+++ Input records

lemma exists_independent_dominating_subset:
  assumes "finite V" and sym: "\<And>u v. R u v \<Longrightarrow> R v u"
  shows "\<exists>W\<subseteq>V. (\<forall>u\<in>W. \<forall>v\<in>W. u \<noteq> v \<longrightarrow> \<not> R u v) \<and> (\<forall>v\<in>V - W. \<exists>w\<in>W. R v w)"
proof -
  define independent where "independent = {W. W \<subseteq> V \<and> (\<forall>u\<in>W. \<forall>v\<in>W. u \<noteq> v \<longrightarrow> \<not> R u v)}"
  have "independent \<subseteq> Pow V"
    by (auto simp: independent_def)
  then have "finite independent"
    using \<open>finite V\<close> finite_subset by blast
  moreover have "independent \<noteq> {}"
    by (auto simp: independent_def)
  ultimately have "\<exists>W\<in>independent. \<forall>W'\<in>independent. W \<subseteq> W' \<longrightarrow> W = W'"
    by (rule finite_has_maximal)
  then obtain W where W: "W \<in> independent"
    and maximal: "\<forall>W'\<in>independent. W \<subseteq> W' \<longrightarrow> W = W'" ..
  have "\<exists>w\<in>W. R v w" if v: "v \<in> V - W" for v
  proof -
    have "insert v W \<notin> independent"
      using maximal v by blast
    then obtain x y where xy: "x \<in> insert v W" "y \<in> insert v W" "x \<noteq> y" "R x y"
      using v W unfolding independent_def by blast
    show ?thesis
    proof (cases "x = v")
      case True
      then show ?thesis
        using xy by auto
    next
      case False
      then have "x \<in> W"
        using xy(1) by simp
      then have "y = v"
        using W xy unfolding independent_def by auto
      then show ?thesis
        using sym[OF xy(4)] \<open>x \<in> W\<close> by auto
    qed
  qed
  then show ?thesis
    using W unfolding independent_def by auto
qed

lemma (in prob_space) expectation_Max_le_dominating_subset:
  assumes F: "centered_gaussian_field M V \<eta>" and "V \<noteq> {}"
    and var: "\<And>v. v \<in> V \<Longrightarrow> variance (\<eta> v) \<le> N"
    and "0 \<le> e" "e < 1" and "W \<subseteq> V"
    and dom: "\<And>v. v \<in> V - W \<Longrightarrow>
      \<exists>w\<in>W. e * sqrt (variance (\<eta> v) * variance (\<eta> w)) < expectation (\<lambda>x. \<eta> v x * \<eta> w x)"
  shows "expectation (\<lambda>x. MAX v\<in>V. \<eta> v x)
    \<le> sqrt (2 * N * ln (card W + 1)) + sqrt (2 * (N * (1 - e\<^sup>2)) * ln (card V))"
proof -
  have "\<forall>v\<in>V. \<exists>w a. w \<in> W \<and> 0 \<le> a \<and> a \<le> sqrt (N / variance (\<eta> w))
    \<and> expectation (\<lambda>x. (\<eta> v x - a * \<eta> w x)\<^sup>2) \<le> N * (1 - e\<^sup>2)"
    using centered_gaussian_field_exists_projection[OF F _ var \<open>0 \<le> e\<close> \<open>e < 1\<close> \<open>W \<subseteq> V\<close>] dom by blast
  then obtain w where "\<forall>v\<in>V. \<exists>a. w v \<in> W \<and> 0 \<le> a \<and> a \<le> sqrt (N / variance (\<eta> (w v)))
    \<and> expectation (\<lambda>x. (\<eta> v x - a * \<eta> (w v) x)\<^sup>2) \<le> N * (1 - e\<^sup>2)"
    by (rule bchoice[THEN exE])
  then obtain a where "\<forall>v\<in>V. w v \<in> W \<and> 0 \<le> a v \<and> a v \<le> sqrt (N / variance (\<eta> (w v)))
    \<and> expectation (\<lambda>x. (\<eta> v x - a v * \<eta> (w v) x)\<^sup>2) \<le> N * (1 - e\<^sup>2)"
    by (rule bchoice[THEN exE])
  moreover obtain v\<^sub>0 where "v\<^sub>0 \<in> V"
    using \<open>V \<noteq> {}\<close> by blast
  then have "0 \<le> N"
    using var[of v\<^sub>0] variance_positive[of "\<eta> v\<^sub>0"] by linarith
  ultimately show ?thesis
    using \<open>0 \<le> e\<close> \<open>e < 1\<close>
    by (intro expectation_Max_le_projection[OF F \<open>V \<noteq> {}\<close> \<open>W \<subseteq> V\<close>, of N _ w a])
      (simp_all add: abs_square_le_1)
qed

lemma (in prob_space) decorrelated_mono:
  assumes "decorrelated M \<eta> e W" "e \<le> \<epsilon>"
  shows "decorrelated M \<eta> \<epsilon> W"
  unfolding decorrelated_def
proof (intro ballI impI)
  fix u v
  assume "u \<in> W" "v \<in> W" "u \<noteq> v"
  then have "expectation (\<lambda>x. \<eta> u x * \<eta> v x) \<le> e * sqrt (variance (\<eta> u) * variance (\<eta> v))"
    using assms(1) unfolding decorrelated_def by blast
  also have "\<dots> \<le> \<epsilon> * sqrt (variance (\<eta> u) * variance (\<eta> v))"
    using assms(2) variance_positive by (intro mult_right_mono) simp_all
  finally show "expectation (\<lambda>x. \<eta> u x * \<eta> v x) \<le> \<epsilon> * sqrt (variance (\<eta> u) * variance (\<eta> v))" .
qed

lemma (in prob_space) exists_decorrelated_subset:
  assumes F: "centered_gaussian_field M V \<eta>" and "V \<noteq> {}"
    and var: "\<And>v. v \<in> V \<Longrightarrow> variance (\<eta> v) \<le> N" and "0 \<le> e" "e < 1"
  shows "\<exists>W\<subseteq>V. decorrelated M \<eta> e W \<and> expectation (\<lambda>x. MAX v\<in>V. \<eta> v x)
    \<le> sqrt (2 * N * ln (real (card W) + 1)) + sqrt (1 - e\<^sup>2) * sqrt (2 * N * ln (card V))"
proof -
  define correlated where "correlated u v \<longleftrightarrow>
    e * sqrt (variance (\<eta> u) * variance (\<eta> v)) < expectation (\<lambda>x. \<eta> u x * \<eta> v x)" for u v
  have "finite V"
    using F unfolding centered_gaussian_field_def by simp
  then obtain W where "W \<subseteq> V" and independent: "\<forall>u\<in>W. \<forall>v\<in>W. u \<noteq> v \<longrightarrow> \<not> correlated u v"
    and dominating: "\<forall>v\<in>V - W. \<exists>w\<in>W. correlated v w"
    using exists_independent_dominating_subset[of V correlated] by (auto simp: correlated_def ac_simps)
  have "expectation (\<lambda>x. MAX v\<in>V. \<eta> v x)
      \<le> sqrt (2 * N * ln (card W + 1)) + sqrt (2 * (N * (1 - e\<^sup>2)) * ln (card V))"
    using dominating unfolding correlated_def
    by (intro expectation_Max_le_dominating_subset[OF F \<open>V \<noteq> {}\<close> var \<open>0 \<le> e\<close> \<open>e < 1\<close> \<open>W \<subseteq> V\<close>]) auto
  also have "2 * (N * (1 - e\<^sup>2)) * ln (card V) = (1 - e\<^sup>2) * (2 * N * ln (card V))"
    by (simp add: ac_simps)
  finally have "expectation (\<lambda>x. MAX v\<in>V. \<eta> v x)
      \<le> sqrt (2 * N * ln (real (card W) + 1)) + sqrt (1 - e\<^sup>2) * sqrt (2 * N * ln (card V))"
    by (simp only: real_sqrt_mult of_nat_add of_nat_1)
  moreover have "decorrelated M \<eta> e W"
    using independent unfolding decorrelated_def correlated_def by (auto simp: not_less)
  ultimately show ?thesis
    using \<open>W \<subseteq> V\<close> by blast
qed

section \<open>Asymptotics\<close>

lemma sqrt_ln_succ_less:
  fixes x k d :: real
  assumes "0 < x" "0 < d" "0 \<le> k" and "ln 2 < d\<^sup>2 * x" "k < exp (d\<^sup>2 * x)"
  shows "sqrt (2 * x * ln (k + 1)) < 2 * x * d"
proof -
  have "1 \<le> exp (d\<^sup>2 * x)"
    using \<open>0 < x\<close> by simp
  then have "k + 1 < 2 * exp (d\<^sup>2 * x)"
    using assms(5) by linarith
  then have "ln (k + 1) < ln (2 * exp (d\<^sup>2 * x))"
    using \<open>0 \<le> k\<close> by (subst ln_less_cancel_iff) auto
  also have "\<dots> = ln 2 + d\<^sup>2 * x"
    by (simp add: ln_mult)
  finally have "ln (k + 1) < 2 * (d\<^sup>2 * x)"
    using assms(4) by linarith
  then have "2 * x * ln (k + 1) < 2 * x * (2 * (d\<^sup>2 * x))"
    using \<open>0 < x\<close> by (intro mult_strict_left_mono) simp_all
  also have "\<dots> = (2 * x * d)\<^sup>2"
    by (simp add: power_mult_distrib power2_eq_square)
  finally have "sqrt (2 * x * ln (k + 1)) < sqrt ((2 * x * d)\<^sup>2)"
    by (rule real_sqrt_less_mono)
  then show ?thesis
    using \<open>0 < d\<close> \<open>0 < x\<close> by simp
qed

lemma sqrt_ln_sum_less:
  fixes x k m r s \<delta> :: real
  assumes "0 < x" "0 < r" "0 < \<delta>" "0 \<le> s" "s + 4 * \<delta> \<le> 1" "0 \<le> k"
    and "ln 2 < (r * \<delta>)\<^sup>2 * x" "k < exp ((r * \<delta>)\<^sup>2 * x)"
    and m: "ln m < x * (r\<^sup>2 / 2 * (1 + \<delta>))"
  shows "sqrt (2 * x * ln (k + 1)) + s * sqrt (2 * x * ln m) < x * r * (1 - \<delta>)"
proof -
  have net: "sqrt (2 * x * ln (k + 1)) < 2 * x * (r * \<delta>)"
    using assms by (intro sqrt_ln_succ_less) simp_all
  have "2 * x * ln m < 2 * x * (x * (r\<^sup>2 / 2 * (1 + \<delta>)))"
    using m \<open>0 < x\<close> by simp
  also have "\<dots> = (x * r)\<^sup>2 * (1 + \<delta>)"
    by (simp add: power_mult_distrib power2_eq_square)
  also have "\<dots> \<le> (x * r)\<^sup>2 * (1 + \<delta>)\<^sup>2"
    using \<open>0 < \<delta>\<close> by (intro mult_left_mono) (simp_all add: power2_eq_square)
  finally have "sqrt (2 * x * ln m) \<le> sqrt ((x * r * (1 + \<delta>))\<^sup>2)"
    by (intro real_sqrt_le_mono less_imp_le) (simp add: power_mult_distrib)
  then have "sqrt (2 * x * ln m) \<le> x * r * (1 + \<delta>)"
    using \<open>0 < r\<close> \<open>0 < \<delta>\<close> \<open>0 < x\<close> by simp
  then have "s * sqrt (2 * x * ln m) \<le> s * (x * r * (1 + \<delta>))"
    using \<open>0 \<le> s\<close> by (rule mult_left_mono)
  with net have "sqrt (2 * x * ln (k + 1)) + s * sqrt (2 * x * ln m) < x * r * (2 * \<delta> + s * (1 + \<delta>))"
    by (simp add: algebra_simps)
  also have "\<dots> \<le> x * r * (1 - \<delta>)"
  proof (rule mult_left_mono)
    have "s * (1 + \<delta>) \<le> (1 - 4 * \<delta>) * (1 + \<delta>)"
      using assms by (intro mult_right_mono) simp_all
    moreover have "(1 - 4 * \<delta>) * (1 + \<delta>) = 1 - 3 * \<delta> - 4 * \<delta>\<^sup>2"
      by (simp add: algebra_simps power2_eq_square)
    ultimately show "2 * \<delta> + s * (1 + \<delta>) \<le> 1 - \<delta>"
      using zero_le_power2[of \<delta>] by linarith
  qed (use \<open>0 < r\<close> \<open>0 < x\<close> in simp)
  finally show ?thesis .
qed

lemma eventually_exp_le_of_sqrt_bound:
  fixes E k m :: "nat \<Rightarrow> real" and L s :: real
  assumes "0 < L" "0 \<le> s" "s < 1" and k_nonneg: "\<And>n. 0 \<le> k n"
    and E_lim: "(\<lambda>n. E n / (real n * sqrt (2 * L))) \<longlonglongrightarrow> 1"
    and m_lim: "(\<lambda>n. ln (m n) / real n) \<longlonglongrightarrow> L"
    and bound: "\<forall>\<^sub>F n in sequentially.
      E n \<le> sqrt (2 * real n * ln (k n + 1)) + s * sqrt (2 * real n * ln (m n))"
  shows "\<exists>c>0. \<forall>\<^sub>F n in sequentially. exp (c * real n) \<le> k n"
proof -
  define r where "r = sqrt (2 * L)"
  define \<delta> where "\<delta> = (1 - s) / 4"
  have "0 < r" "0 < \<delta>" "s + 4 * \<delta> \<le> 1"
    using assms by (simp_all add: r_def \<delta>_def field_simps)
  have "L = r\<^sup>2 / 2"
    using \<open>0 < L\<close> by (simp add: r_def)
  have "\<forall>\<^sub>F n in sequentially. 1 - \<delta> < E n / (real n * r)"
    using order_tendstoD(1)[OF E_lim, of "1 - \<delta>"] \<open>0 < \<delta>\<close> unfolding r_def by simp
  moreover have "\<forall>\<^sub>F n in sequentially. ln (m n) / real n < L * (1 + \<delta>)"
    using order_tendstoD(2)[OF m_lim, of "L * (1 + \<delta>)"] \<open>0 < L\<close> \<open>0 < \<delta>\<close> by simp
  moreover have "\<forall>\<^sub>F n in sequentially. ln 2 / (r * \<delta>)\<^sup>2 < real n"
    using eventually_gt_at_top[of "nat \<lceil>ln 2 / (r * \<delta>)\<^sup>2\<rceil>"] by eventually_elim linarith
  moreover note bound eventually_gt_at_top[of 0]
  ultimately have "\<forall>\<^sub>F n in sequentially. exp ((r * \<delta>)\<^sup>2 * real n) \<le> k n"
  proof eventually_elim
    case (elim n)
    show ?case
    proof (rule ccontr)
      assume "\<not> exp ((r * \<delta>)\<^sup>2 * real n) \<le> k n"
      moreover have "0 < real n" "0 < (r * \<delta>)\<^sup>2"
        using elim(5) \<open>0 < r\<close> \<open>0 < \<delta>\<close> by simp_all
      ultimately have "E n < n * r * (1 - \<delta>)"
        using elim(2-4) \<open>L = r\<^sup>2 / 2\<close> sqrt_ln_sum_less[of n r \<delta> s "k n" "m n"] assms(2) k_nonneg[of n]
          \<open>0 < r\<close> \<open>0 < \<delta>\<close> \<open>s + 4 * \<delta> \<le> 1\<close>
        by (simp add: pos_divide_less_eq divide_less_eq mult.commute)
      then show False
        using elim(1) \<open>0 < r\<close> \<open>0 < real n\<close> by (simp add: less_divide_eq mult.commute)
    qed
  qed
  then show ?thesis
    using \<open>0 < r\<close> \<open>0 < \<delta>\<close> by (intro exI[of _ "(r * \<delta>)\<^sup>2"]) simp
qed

++++++

=== What the exercise asks ===
Copy each line of the data above that holds "define".

=== Your solution ===
  define independent where "independent = {W. W \<subseteq> V \<and> (\<forall>u\<in>W. \<forall>v\<in>W. u \<noteq> v \<longrightarrow> \<not> R u v)}"
  define correlated where "correlated u v \<longleftrightarrow>
  define r where "r = sqrt (2 * L)"
  define \<delta> where "\<delta> = (1 - s) / 4"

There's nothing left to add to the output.